Return every line from the one with "of known sign\<close>" through the one with "mult_strict_left_mono[OF t tpos])", inclusive, exactly as it appears below.

▽

(* Let $n\ge1$, $k>0$, let $F$ be a complex polynomial of degree exactly $n$ having all its zeros in $|z|\le k$, and let $P\in\mathscr P_n$ satisfy $|P(z)|\le|F(z)|$ for $|z|=k$. Then for all $\beta\in\mathbb C$ with $|\beta|\le1$, all $R>r\ge k$ and all $|z|\ge1$, $$\Big|B[P\circ\sigma](z)+\beta\Big(\tfrac{R+k}{k+r}\Big)^nB[P\circ\rho](z)\Big|\le\Big|B[F\circ\sigma](z)+\beta\Big(\tfrac{R+k}{k+r}\Big)^nB[F\circ\rho](z)\Big|.$$ Equality holds for $P=e^{i\gamma}F$, $\gamma\in\mathbb R$.
   Context: For an integer $n\ge1$, $\mathscr P_n$ denotes the set of complex polynomials of degree at most $n$. Fix complex numbers $\lambda_0,\lambda_1,\lambda_2$ such that all zeros of $U(z)=\lambda_0+n\lambda_1 z+\frac{n(n-1)}{2}\lambda_2 z^2$ lie in the half-plane $\{z\in\mathbb C:|z|\le|z-n/2|\}$. The operator $B$ (of the class $\mathcal B_n$) sends $P\in\mathscr P_n$ to $B[P](z)=\lambda_0P(z)+\lambda_1\frac{nz}{2}P'(z)+\lambda_2\left(\frac{nz}{2}\right)^2\frac{P''(z)}{2!}$. For a polynomial $P$ and a map $\rho$, $P\circ\rho$ denotes $z\mapsto P(\rho(z))$, and $B[P\circ\rho](z)$ is $B$ applied to the polynomial $P\circ\rho$, evaluated at $z$. $\sigma(z)=Rz$, $\rho(z)=rz$. *)

theory Defs
  imports "HOL-Analysis.Analysis" "HOL-Computational_Algebra.Polynomial"
begin

definition B_op :: "nat \<Rightarrow> complex \<Rightarrow> complex \<Rightarrow> complex \<Rightarrow> complex poly \<Rightarrow> complex \<Rightarrow> complex" where
  "B_op n l0 l1 l2 P z =
     l0 * poly P z + l1 * (of_nat n * z / 2) * poly (pderiv P) z
     + l2 * (of_nat n * z / 2)^2 * poly (pderiv (pderiv P)) z / 2"

definition U_poly :: "nat \<Rightarrow> complex \<Rightarrow> complex \<Rightarrow> complex \<Rightarrow> complex \<Rightarrow> complex" where
  "U_poly n l0 l1 l2 z = l0 + of_nat n * l1 * z + of_nat (n * (n - 1)) / 2 * l2 * z^2"

end

theory Submission
  imports Defs "HOL-Computational_Algebra.Fundamental_Theorem_Algebra"
    "HOL-Complex_Analysis.Conformal_Mappings"
begin

text \<open>Write \<open>G[H](z) = H(Rz) + \<beta> ((R+k)/(k+r))^n H(rz)\<close>. If \<open>H\<close> has degree \<open>n\<close> and all
  zeros in \<open>|w| \<le> k\<close>, comparing \<open>|Rz - w|\<close> with \<open>|rz - w|\<close> factor by factor shows that
  \<open>G[H]\<close> again has degree \<open>n\<close> and all its zeros in the closed unit disk. Factoring \<open>U\<close> into
  linear factors whose zeros lie in \<open>|y| \<le> |y - n/2|\<close> writes \<open>B\<close> as a composite of at most
  two operators \<open>\<mu> n f + (t - \<mu> z) f'\<close> with \<open>|t| > |\<mu>|\<close>, each of which keeps all zeros in the
  closed unit disk (a Laguerre-type argument); hence \<open>B[G[H]]\<close> does not vanish for \<open>|z| > 1\<close>.
  If \<open>|B[G[P]](z)| > |B[G[F]](z)|\<close> for some \<open>|z| > 1\<close>, put \<open>a = B[G[P]](z) / B[G[F]](z)\<close>.
  The maximum modulus principle gives \<open>|P| \<le> |F|\<close> for \<open>|z| \<ge> k\<close> and
  \<open>|lead P| \<le> |lead F|\<close>, so \<open>P - aF\<close> has degree \<open>n\<close> and all zeros in \<open>|w| \<le> k\<close>, while
  \<open>B[G[P - aF]](z) = 0\<close>: a contradiction. The circle \<open>|z| = 1\<close> follows by continuity,
  and the equality case follows from linearity.\<close>

lemma Re_laguerre_term_pos:
  fixes t mu z w :: complex
  assumes z: "cmod z > 1" and w: "cmod w \<le> 1" and t: "cmod t > cmod mu"
  shows "Re ((z * cnj t - cnj mu) * ((t - mu * w) / (z - w))) > 0"
proof -
  have pos: "(cmod (z - w))\<^sup>2 > 0" using z w by auto
  \<comment> \<open>a Lagrange-type identity splitting the numerator into three terms of known sign\<close>
  have ident: "2 * Re ((t - mu * w) * cnj (z - w) * (z * cnj t - cnj mu)) =
      (cmod (t - mu * w))\<^sup>2 * ((cmod z)\<^sup>2 - 1) + ((cmod t)\<^sup>2 - (cmod mu)\<^sup>2) * (cmod (z - w))\<^sup>2
      + (cmod (t - mu * z))\<^sup>2 * (1 - (cmod w)\<^sup>2)"
    unfolding cmod_power2 by (simp add: power2_eq_square algebra_simps)
  have "(cmod (t - mu * w))\<^sup>2 * ((cmod z)\<^sup>2 - 1) \<ge> 0"
    using z by (simp add: abs_square_le_1 one_less_power)
  moreover have "((cmod t)\<^sup>2 - (cmod mu)\<^sup>2) * (cmod (z - w))\<^sup>2 > 0"
    using t pos by (simp add: power_strict_mono)
  moreover have "(cmod (t - mu * z))\<^sup>2 * (1 - (cmod w)\<^sup>2) \<ge> 0"
    using w by (simp add: power_le_one)
  ultimately have "Re ((t - mu * w) * cnj (z - w) * (z * cnj t - cnj mu)) > 0"
    using ident by linarith
  moreover have "(z * cnj t - cnj mu) * ((t - mu * w) / (z - w)) =
      ((t - mu * w) * cnj (z - w) * (z * cnj t - cnj mu)) / complex_of_real ((cmod (z - w))\<^sup>2)"
    by (subst complex_div_cnj) (simp add: mult_ac)
  ultimately show ?thesis using pos by (simp add: Re_divide_of_real)
qed

lemma Re_cnj_mult_diff_pos:
  fixes t mu w :: complex
  assumes w: "cmod w \<le> 1" and t: "cmod t > cmod mu"
  shows "Re (cnj t * (t - mu * w)) > 0"
proof -
  have tpos: "cmod t > 0" using t norm_ge_zero[of mu] by linarith
  have "Re (cnj t * (mu * w)) \<le> cmod (cnj t * (mu * w))" by (rule complex_Re_le_cmod)
  also have "\<dots> = cmod t * cmod mu * cmod w" by (simp add: norm_mult)
  also have "\<dots> \<le> cmod t * cmod mu" using w by (simp add: mult_left_le)
  also have "\<dots> < cmod t * cmod t" by (rule mult_strict_left_mono[OF t tpos])
  also have "\<dots> = Re (cnj t * t)" using cmod_power2[of t] by (simp add: power2_eq_square)
  finally show ?thesis unfolding right_diff_distrib by simp
qed

text \<open>For \<open>mu = 1\<close> this is the polar derivative of \<open>f\<close> with respect to \<open>t\<close>.\<close>
definition laguerre_op :: "complex \<Rightarrow> complex \<Rightarrow> complex poly \<Rightarrow> complex poly" where
  "laguerre_op mu t f = smult (mu * of_nat (degree f)) f + [:t, -mu:] * pderiv f"

lemma laguerre_op_degree_0:
  fixes f :: "complex poly"
  assumes "degree f = 0"
  shows "laguerre_op mu t f = 0"
proof -
  have "pderiv f = 0" using assms pderiv_eq_0_iff by blast
  then show ?thesis unfolding laguerre_op_def assms by simp
qed

lemma degree_linear_factor:
  fixes h :: "'a::idom poly"
  assumes "h \<noteq> 0"
  shows "degree ([:-w, 1:] * h) = Suc (degree h)"
proof -
  have "degree ([:-w, 1:] * h) = degree [:-w, 1:] + degree h"
    by (rule degree_mult_eq) (use assms in auto)
  then show ?thesis by simp
qed

lemma poly_linear_factor:
  fixes p :: "'a::comm_ring_1 poly"
  shows "poly ([:-w, 1:] * p) z = (z - w) * poly p z"
  by (simp add: algebra_simps)

lemma laguerre_op_linear_factor:
  assumes "h \<noteq> 0"
  shows "laguerre_op mu t ([:-w, 1:] * h) = [:-w, 1:] * laguerre_op mu t h + smult (t - mu * w) h"
  unfolding laguerre_op_def degree_linear_factor[OF assms]
  by (intro poly_eq_poly_eq_iff[THEN iffD1] ext)
    (simp add: pderiv_diff pderiv_smult pderiv_add pderiv_pCons algebra_simps)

△

→ **Answer section**:
  \<comment> \<open>a Lagrange-type identity splitting the numerator into three terms of known sign\<close>
  have ident: "2 * Re ((t - mu * w) * cnj (z - w) * (z * cnj t - cnj mu)) =
      (cmod (t - mu * w))\<^sup>2 * ((cmod z)\<^sup>2 - 1) + ((cmod t)\<^sup>2 - (cmod mu)\<^sup>2) * (cmod (z - w))\<^sup>2
      + (cmod (t - mu * z))\<^sup>2 * (1 - (cmod w)\<^sup>2)"
    unfolding cmod_power2 by (simp add: power2_eq_square algebra_simps)
  have "(cmod (t - mu * w))\<^sup>2 * ((cmod z)\<^sup>2 - 1) \<ge> 0"
    using z by (simp add: abs_square_le_1 one_less_power)
  moreover have "((cmod t)\<^sup>2 - (cmod mu)\<^sup>2) * (cmod (z - w))\<^sup>2 > 0"
    using t pos by (simp add: power_strict_mono)
  moreover have "(cmod (t - mu * z))\<^sup>2 * (1 - (cmod w)\<^sup>2) \<ge> 0"
    using w by (simp add: power_le_one)
  ultimately have "Re ((t - mu * w) * cnj (z - w) * (z * cnj t - cnj mu)) > 0"
    using ident by linarith
  moreover have "(z * cnj t - cnj mu) * ((t - mu * w) / (z - w)) =
      ((t - mu * w) * cnj (z - w) * (z * cnj t - cnj mu)) / complex_of_real ((cmod (z - w))\<^sup>2)"
    by (subst complex_div_cnj) (simp add: mult_ac)
  ultimately show ?thesis using pos by (simp add: Re_divide_of_real)
qed

lemma Re_cnj_mult_diff_pos:
  fixes t mu w :: complex
  assumes w: "cmod w \<le> 1" and t: "cmod t > cmod mu"
  shows "Re (cnj t * (t - mu * w)) > 0"
proof -
  have tpos: "cmod t > 0" using t norm_ge_zero[of mu] by linarith
  have "Re (cnj t * (mu * w)) \<le> cmod (cnj t * (mu * w))" by (rule complex_Re_le_cmod)
  also have "\<dots> = cmod t * cmod mu * cmod w" by (simp add: norm_mult)
  also have "\<dots> \<le> cmod t * cmod mu" using w by (simp add: mult_left_le)
  also have "\<dots> < cmod t * cmod t" by (rule mult_strict_left_mono[OF t tpos])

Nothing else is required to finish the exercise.